October 27, 2008

Enough

I’ve always had trouble laying down boundaries. I’ve been tip toeing over everyone’s emotional cracks for so long I twirled my way into a corner while the ground underneath me splintered. I had no room for me. I allowed everyone else’s needs to get in the way of my own. My self confidence was so low I allowed the saddest of individuals to batter me around.

I have had enough.

I can say with aplomb that I am a good person. I am caring, I am giving, I am loyal, and I will try and be there for everyone. But I am tired of being taken advantage of. It takes A LOT to piss me off. Most of the time I am too lazy/laid back to stay angry at anyone. But recently a few people have backed me into a wall and the claws came out.

Respect.

A simple thing, yes? I respect you, you respect me. But when I go out of my way for someone, when I defend a person, when I put their needs before mine (which won’t happen again, I assure you) a little respect in return is small thing to ask for. But it got thrown right in my face. I mean almost literally. I was so stunned I didn’t know how to react. Finally anger permeated my blank brain and for once I stood up for myself. This feeling has stayed. If you don’t treat me with respect and refuse to treat me like a friend or take advantage of me:

Fuck, you.

For real. I’m done. I give LOTS of chances because I understand how sometimes life just prevents you from making the greatest decisions. But if I talk to you and let you know that you are disrespecting me and you continue with that behavior, don’t let the door hit you on the ass on your way out. I don’t need that in my life and I refuse to accept that shit anymore. I am going through some serious issues and the last thing I need is a “friend” pushing me over the edge. My backbone is stronger and it’s staying that way. I am tired of feeling bad if I raise my voice in my own defense. I’m not turning into a bitch, I’m just standing up for myself. I know that my attitude will shock and unmask the people that have been using me for awhile when I say “enough, I’m done”. I deserve more. If I lose “friends” because of this, then clearly they weren’t friends to begin with. Friendship, like any relationship is give and take. It’s all about compromise, not take, take, take then see ya.
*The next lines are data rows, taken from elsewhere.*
lemma integral_std_normal_poly_eq_gauss_hermite:
  "(LINT y|lborel. std_normal_density y * (\<Sum>k<2 * Suc m. c k * y ^ k))
     = (\<Sum>z\<in>hermite_zeros (Suc m). gh_lambda (Suc m) z * (\<Sum>k<2 * Suc m. c k * (sqrt 2 * z) ^ k))"
proof -
  have "(LINT y|lborel. std_normal_density y * (\<Sum>k<2 * Suc m. c k * y ^ k))
      = (\<Sum>k<2 * Suc m. c k * (LINT y|lborel. std_normal_density y * y ^ k))"
    by (simp add: sum_distrib_left mult.left_commute integrable_std_normal_moment
        Bochner_Integration.integral_sum del: sum.lessThan_Suc)
  also have "\<dots> = (\<Sum>k<2 * Suc m. c k * (sqrt 2 ^ k * gauss_moment k))"
    by (simp add: has_bochner_integral_integral_eq[OF has_bochner_integral_std_normal_moment]
        del: sum.lessThan_Suc)
  also have "\<dots> = (\<Sum>k<2 * Suc m. c k * (\<Sum>z\<in>hermite_zeros (Suc m). gh_lambda (Suc m) z * (sqrt 2 * z) ^ k))"
  proof (intro sum.cong refl)
    fix k assume "k \<in> {..<2 * Suc m}"
    have "(\<Sum>z\<in>hermite_zeros (Suc m). gh_lambda (Suc m) z * (sqrt 2 * z) ^ k)
        = sqrt 2 ^ k * (\<Sum>z\<in>hermite_zeros (Suc m). gh_lambda (Suc m) z * z ^ k)"
      by (simp add: power_mult_distrib sum_distrib_left mult_ac)
    also have "\<dots> = sqrt 2 ^ k * gauss_moment k"
      using \<open>k \<in> {..<2 * Suc m}\<close> gauss_moment_eq_gauss_hermite by simp
    finally show "c k * (sqrt 2 ^ k * gauss_moment k)
        = c k * (\<Sum>z\<in>hermite_zeros (Suc m). gh_lambda (Suc m) z * (sqrt 2 * z) ^ k)"
      by simp
  qed
  also have "\<dots> = (\<Sum>z\<in>hermite_zeros (Suc m). gh_lambda (Suc m) z * (\<Sum>k<2 * Suc m. c k * (sqrt 2 * z) ^ k))"
    unfolding sum_distrib_left by (subst sum.swap) (simp add: mult_ac del: sum.lessThan_Suc)
  finally show ?thesis .
qed

section \<open>Taylor expansion along a line\<close>

lemma has_real_derivative_along_axis:
  fixes F :: "real^'d::finite \<Rightarrow> real"
  assumes "\<And>x. ((\<lambda>t. F (x + t *\<^sub>R axis i 1)) has_real_derivative D x) (at 0)"
  shows "((\<lambda>t. F (w + t *\<^sub>R axis i 1)) has_real_derivative D (w + t0 *\<^sub>R axis i 1)) (at t0)"
proof -
  have "((\<lambda>t. F (w + (t + t0) *\<^sub>R axis i 1)) has_real_derivative D (w + t0 *\<^sub>R axis i 1)) (at 0)"
    using assms[of "w + t0 *\<^sub>R axis i 1"] by (simp add: algebra_simps scaleR_add_left)
  then show ?thesis
    using DERIV_shift[of "\<lambda>t. F (w + t *\<^sub>R axis i 1)" _ 0 t0] by simp
qed

lemma mean_value_along_axis:
  fixes F :: "real^'d::finite \<Rightarrow> real"
  assumes "\<And>x. ((\<lambda>t. F (x + t *\<^sub>R axis i 1)) has_real_derivative D x) (at 0)"
  shows "\<exists>\<xi>. 0 < \<xi> \<and> \<xi> < 1 \<and> F (w + a *\<^sub>R axis i 1) - F w = a * D (w + (\<xi> * a) *\<^sub>R axis i 1)"
proof -
  have "((\<lambda>l. F (w + (l * a) *\<^sub>R axis i 1)) has_real_derivative D (w + (l * a) *\<^sub>R axis i 1) * a) (at l)" for l
  proof -
    have "((\<lambda>l. l * a) has_real_derivative a) (at l)"
      by (auto intro!: derivative_eq_intros)
    from DERIV_chain2[OF has_real_derivative_along_axis[OF assms, of w "l * a"] this] show ?thesis .
  qed
  then have "\<exists>\<xi>>0. \<xi> < 1 \<and> F (w + (1 * a) *\<^sub>R axis i 1) - F (w + (0 * a) *\<^sub>R axis i 1)
      = (1 - 0) * (D (w + (\<xi> * a) *\<^sub>R axis i 1) * a)"
    by (intro MVT2) auto
  then show ?thesis
    by (simp add: mult.commute)
qed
So peeps, be prepared to hear the word “enough” leave me lips on more than one occasion. Because I’m tired but mainly because I deserve more and I’m finally staking my claim in it.

5 comments:

Tanya said...

Woot!

Unrelated - the dark background makes the links font color a little hard to see, but maybe it's my monitor setting?

Anonymous said...

Now your talkin!!!

Xantraun said...

rawk on, you!

as circumstance has it, i know only what i've read on here about your current situation... but put together with the heather i knew that used to sit on the docks with me in 20-below windchills eating cousins subs, it sounds like you're finally beginning to do for yourself what you knew you needed to do long, long ago.
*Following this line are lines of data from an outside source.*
lemma topspace_Gtop: "topspace (Gtop I n) = Gn I n"
proof -
  have "tuple_mset n ` topspace (tuple_top I n) = topspace (Gtop I n)"
    by (rule quotient_imp_surjective_map[OF quotient_map_tuple_mset])
  then show ?thesis by (simp add: topspace_tuple_top tuple_mset_image)
qed

lemma openin_Gtop:
  assumes "U \<subseteq> Gn I n"
  shows "openin (Gtop I n) U \<longleftrightarrow>
    openin (tuple_top I n) {x \<in> topspace (tuple_top I n). tuple_mset n x \<in> U}"
  using quotient_map_tuple_mset[of I n] assms unfolding quotient_map_def topspace_Gtop by simp

lemma gsum_tuple_mset: "gsum u (tuple_mset n x) = (\<Sum>j<n. u (x j))"
  unfolding gsum_def tuple_mset_def
  by (simp add: sum_unfold_sum_mset image_mset.compositionality comp_def)

lemma continuous_map_gsum:
  assumes "continuous_on I u"
  shows "continuous_map (Gtop I n) euclideanreal (gsum u)"
proof -
  have u: "continuous_map (top_of_set I) euclideanreal u" using assms by simp
  have "continuous_map (tuple_top I n) euclideanreal (\<lambda>x. u (x j))" if "j < n" for j
    using continuous_map_compose[OF continuous_map_tuple_top_component[OF that] u]
    by (simp add: comp_def)
  then have "continuous_map (tuple_top I n) euclideanreal (gsum u \<circ> tuple_mset n)"
    unfolding comp_def gsum_tuple_mset by (intro continuous_map_sum) auto
  then show ?thesis
    using continuous_compose_quotient_map_eq[OF quotient_map_tuple_mset] by blast
qed

section \<open>Borel measures on a topological space and their support\<close>

lemma space_borel_top: "space (borel_top X) = topspace X"
  unfolding borel_top_def by (rule space_measure_of) (auto dest: openin_subset)

lemma sets_borel_top: "sets (borel_top X) = sigma_sets (topspace X) {U. openin X U}"
  unfolding borel_top_def by (rule sets_measure_of) (auto dest: openin_subset)

lemma openin_in_sets_borel_top: "openin X U \<Longrightarrow> U \<in> sets (borel_top X)"
  by (simp add: sets_borel_top)

lemma borel_measurable_continuous_map:
  assumes "continuous_map X euclideanreal f"
  shows "f \<in> borel_measurable (borel_top X)"
proof (rule borel_measurableI)
  fix S :: "real set" assume "open S"
  then have "openin X {x \<in> topspace X. f x \<in> S}"
    using openin_continuous_map_preimage[OF assms] by simp
  moreover have "f -` S \<inter> space (borel_top X) = {x \<in> topspace X. f x \<in> S}"
    by (auto simp: space_borel_top)
  ultimately show "f -` S \<inter> space (borel_top X) \<in> sets (borel_top X)"
    by (simp add: openin_in_sets_borel_top)
qed

lemma openin_complement_msupp: "openin X (topspace X - msupp X M)"
proof (rule openin_subopen[THEN iffD2], intro ballI)
  fix x assume "x \<in> topspace X - msupp X M"
  then obtain U where U: "openin X U" "x \<in> U" "emeasure M U = 0"
    unfolding msupp_def by auto
  have "y \<notin> msupp X M" if "y \<in> U" for y
    using U that unfolding msupp_def by auto
  then have "U \<subseteq> topspace X - msupp X M"
    using openin_subset[OF U(1)] by blast
  with U show "\<exists>T. openin X T \<and> x \<in> T \<and> T \<subseteq> topspace X - msupp X M" by blast
qed

lemma AE_zero_imp_zero_on_msupp:
  assumes M: "sets M = sets (borel_top X)" and f: "continuous_map X euclideanreal f"
    and ae: "AE x in M. f x = 0" and x: "x \<in> msupp X M"
  shows "f x = 0"
proof (rule ccontr)
  assume "f x \<noteq> 0"
  let ?U = "{y \<in> topspace X. f y \<in> - {0}}"
  have U: "openin X ?U" by (rule openin_continuous_map_preimage[OF f]) auto
  moreover have "x \<in> ?U" using x \<open>f x \<noteq> 0\<close> by (simp add: msupp_def)
  ultimately have "emeasure M ?U > 0" using x unfolding msupp_def by blast
  moreover have "space M = topspace X"
    using sets_eq_imp_space_eq[OF M] by (simp add: space_borel_top)
  then have "emeasure M ?U = 0"
    using ae U by (subst AE_iff_measurable[symmetric]) (auto simp: M openin_in_sets_borel_top)
  ultimately show False by simp
qed

lemma compactin_outside_msupp_null:
  assumes M: "sets M = sets (borel_top X)" and C: "compactin X C" "C \<inter> msupp X M = {}"
  obtains Z where "Z \<in> null_sets M" "C \<subseteq> Z"
proof -
  let ?\<U> = "{U. openin X U \<and> emeasure M U = 0}"
  have "x \<in> \<Union>?\<U>" if "x \<in> C" for x
  proof -
    have "x \<in> topspace X" "x \<notin> msupp X M"
      using that C compactin_subset_topspace by blast+
    then show ?thesis unfolding msupp_def by auto
  qed
  then have "C \<subseteq> \<Union>?\<U>" by blast
  then obtain \<F> where \<F>: "finite \<F>" "\<F> \<subseteq> ?\<U>" "C \<subseteq> \<Union>\<F>"
    using C(1) unfolding compactin_def by (metis (no_types, lifting) mem_Collect_eq)
  have "\<Union>\<F> \<in> null_sets M"
    using \<F> by (intro null_sets.finite_Union) (auto simp: null_sets_def M openin_in_sets_borel_top)
  with \<F>(3) show thesis by (intro that)
qed

lemma AE_in_msupp:
  assumes M: "sets M = sets (borel_top X)"
    and K: "\<And>m::nat. compactin X (K m)" and cover: "topspace X - msupp X M = (\<Union>m. K m)"
  shows "AE x in M. x \<in> msupp X M"
proof -
  have "K m \<subseteq> topspace X - msupp X M" for m
    unfolding cover by (rule UN_upper[OF UNIV_I])
  then have "K m \<inter> msupp X M = {}" for m
    by blast
  then have "\<forall>m. \<exists>Z. Z \<in> null_sets M \<and> K m \<subseteq> Z"
    by (metis compactin_outside_msupp_null[OF M K])
  then obtain Z where Z: "\<And>m. Z m \<in> null_sets M" "\<And>m. K m \<subseteq> Z m"
    by (metis choice)
  have "space M = topspace X"
    using sets_eq_imp_space_eq[OF M] by (simp add: space_borel_top)
  then have "{x \<in> space M. x \<notin> msupp X M} \<subseteq> (\<Union>m. Z m)"
    using cover Z(2) by blast
  with Z(1) show ?thesis by (intro AE_I'[of "\<Union>m. Z m"]) auto
qed

section \<open>Sigma-compactness of open sets of groups\<close>

lemma compact_space_tuple_top: "compact I \<Longrightarrow> compact_space (tuple_top I n)"
  unfolding tuple_top_def compact_space_product_topology
  by (simp add: compact_space_subtopology)

lemma continuous_map_tuple_top_dist_sum:
  "continuous_map (tuple_top I n) euclideanreal (\<lambda>x. \<Sum>j<n. dist (x j) (y j))"
proof (rule continuous_map_sum)
  fix j assume "j \<in> {..<n}"
  then have "continuous_map (tuple_top I n) (top_of_set I) (\<lambda>x. x j)"
    by (simp add: continuous_map_tuple_top_component)
  moreover have "continuous_map (top_of_set I) euclideanreal (\<lambda>z. dist z (y j))"
    by (simp add: continuous_on_dist)
  ultimately show "continuous_map (tuple_top I n) euclideanreal (\<lambda>x. dist (x j) (y j))"
    by (rule continuous_map_compose[unfolded comp_def])
qed simp

lemma closedin_tuple_top_dist_sum_ge:
  "closedin (tuple_top I n)
    {x \<in> topspace (tuple_top I n). \<forall>y\<in>S. (\<Sum>j<n. dist (x j) (y j)) \<in> {c..}}"
proof -
  let ?X = "tuple_top I n"
  have "closedin ?X {x \<in> topspace ?X. (\<Sum>j<n. dist (x j) (y j)) \<in> {c..}}" for y
    by (intro closedin_continuous_map_preimage[OF continuous_map_tuple_top_dist_sum])
      (simp flip: closed_closedin)
  then have "closedin ?X (\<Inter>(insert (topspace ?X)
      ((\<lambda>y. {x \<in> topspace ?X. (\<Sum>j<n. dist (x j) (y j)) \<in> {c..}}) ` S)))"
    by (intro closedin_Inter) auto
  moreover have "\<Inter>(insert (topspace ?X)
      ((\<lambda>y. {x \<in> topspace ?X. (\<Sum>j<n. dist (x j) (y j)) \<in> {c..}}) ` S))
    = {x \<in> topspace ?X. \<forall>y\<in>S. (\<Sum>j<n. dist (x j) (y j)) \<in> {c..}}"
    by auto
  ultimately show ?thesis by simp
qed

lemma openin_tuple_top_dist_sum:
  assumes W: "openin (tuple_top I n) W" and x: "x \<in> W"
  obtains e where "e > 0"
    "\<And>y. y \<in> topspace (tuple_top I n) \<Longrightarrow> (\<Sum>j<n. dist (x j) (y j)) < e \<Longrightarrow> y \<in> W"
proof -
  obtain X where X: "x \<in> (\<Pi>\<^sub>E j\<in>{..<n}. X j)" "\<And>j. openin (top_of_set I) (X j)"
      "(\<Pi>\<^sub>E j\<in>{..<n}. X j) \<subseteq> W"
    using product_topology_open_contains_basis[OF W[unfolded tuple_top_def] x] by blast
  have "\<forall>j\<in>{..<n}. \<exists>e>0. \<forall>z\<in>I. dist z (x j) < e \<longrightarrow> z \<in> X j"
  proof
    fix j assume "j \<in> {..<n}"
    then have "x j \<in> X j" using X(1) by (simp add: PiE_iff)
    then show "\<exists>e>0. \<forall>z\<in>I. dist z (x j) < e \<longrightarrow> z \<in> X j"
      using X(2)[of j] unfolding openin_euclidean_subtopology_iff by blast
  qed
  then obtain r where "\<forall>j\<in>{..<n}. r j > 0 \<and> (\<forall>z\<in>I. dist z (x j) < r j \<longrightarrow> z \<in> X j)"
    by (rule bchoice[THEN exE])
  then have r: "\<And>j. j < n \<Longrightarrow> r j > 0 \<and> (\<forall>z\<in>I. dist z (x j) < r j \<longrightarrow> z \<in> X j)"
    by blast
  define e where "e = Min (insert 1 (r ` {..<n}))"
  have "e > 0" unfolding e_def using r by (subst Min_gr_iff) auto
  moreover have "y \<in> W"
    if y: "y \<in> topspace (tuple_top I n)" "(\<Sum>j<n. dist (x j) (y j)) < e" for y
  proof -
    have "y j \<in> X j" if "j < n" for j
    proof -
      have "dist (x j) (y j) \<le> (\<Sum>j<n. dist (x j) (y j))"
        using that by (intro member_le_sum) auto
      moreover have "e \<le> r j" unfolding e_def using that by (intro Min_le) auto
      ultimately have "dist (y j) (x j) < r j" using y(2) by (simp add: dist_commute)
      moreover have "y j \<in> I" using y(1) that by (simp add: topspace_tuple_top PiE_iff)
      ultimately show ?thesis using r[OF that] by blast
    qed
    then have "y \<in> (\<Pi>\<^sub>E j\<in>{..<n}. X j)" using y(1) by (auto simp: topspace_tuple_top PiE_iff)
    then show ?thesis using X(3) by blast
  qed
  ultimately show thesis by (rule that)
qed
...that came out kind of weird but my brain is on strike so it'll have to do...

O_o

man, everything i write here feels like i don't have a right to say it because we parted on such rocky terms (after having written numerous paragraphs, re-reading them and promptly deleting).

*awkward silence*

...so do you take all your blog header photos yourself or are they just random googlings? either way, you win one internets for awesomeness

p.s. my comment verification word is cutwhee XD that's some fitting gibberish i'd probably yell driving down the road in my car to the tone of nuetered mouse

NerdOneirik said...

Mister xantraun, (not sure if you want me to use your real name or not so we'll stick to internet obliviousness)you reminded me of how I did know all this a long time ago... but never had the courage to act on it. It seems kinda sad that it took almost 7 years for my backbone to grow, but hey, at least it's here. Of course, finding a medication to stabilize me definitely helps... lol.

Which leads me to words about our parting - ehhh while it was confusing, I figured that you were frustrated with the fact that I was once again stepping into a situation where I was going to get hurt (and boy did I, but hey, I learned a shit-ton from it)and you had issues of your own to deal with. We've always had a strange connection so I figured that some how we'd begin talking again (Ha! I was right WOO WOO!). Plus, out of everyone in that group you were the one that was there for me the most and encouraged the real me to come out and play so yayayayay!

Yeap, all those photos are mine! WOO WOO!

Lol I can totally see that. Only you'd have to be sticking your head out the window like you used to when your windshield was cracked. LOL awww memories!

ps. I *still* can't believe you ate those cookies off the bottom of my car floor... *shudder*

Also, give me your email damn it!

+/- said...

elfie accused me of not pointing out the obvious enough. so i must say "I’ve been tip toeing over everyone’s emotional cracks for so long I twirled my way into a corner while the ground underneath me splintered." fucking beautiful. i love the image this created.

and yes, i am proud of you. you really did stand up for yourself. because, honey, no one else is gonna.